*TASK REQUIREMENTS*
Output, exactly and alone, the lines from the one containing "CDF), and w_t" through the last line of the material below, both ends included.

++++ MATERIAL SHOWN

(* Consider a trial-offer market with social influence in which product $i$ is permanently displayed at a position of visibility $v_i>0$, with initial appeals $A_i>0$ and qualities $q_i\in[0,1]$ ($1\le i\le n$). Write $\hat q_i=v_iq_i$ and suppose there is $1\le j<n$ and numbers $\hat q^+>\hat q^-\ge 0$ with $\hat q_1=\cdots=\hat q_j=\hat q^+$ and $\hat q_{j+1}=\cdots=\hat q_n=\hat q^-$. Then almost surely the total market share of products $j+1,\dots,n$, namely $\frac{\sum_{i=j+1}^n d_{i,t}}{\sum_{i=1}^n d_{i,t}}$, converges to $0$ as $t\to\infty$.
   Context: Dynamic market: $d_{i,t}$ is the number of purchases of product $i$ before step $t$ ($d_{i,1}=0$), $a_{i,t}=A_i+d_{i,t}$. At step $t$ one participant tries product $i$ with probability $\frac{v_i a_{i,t}}{\sum_k v_k a_{k,t}}$, then purchases it with probability $q_i$ (independently); if purchased, $d_{i,t+1}=d_{i,t}+1$, all other counts unchanged. *)

theory Defs
  imports "HOL-Probability.Probability"
begin

text \<open>A state is the purchase-count vector d :: nat => nat
  (only entries 1..n matter).  The randomness of the market is realised by an i.i.d.
  sequence of pairs (u_t, w_t) of independent uniform [0,1] variables: u_t selects the
  product that is tried (product i with probability v_i a_i / sum_k v_k a_k, by inverse
  CDF), and w_t < q_i decides the purchase (probability q_i, independent).\<close>

definition unit_unif :: "real measure" where
  "unit_unif = uniform_measure lborel {0..1}"

definition market_space :: "(real \<times> real) stream measure" where
  "market_space = stream_space (unit_unif \<Otimes>\<^sub>M unit_unif)"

++++++++

*TASK RESPONSE*
  CDF), and w_t < q_i decides the purchase (probability q_i, independent).\<close>

definition unit_unif :: "real measure" where
  "unit_unif = uniform_measure lborel {0..1}"

definition market_space :: "(real \<times> real) stream measure" where
  "market_space = stream_space (unit_unif \<Otimes>\<^sub>M unit_unif)"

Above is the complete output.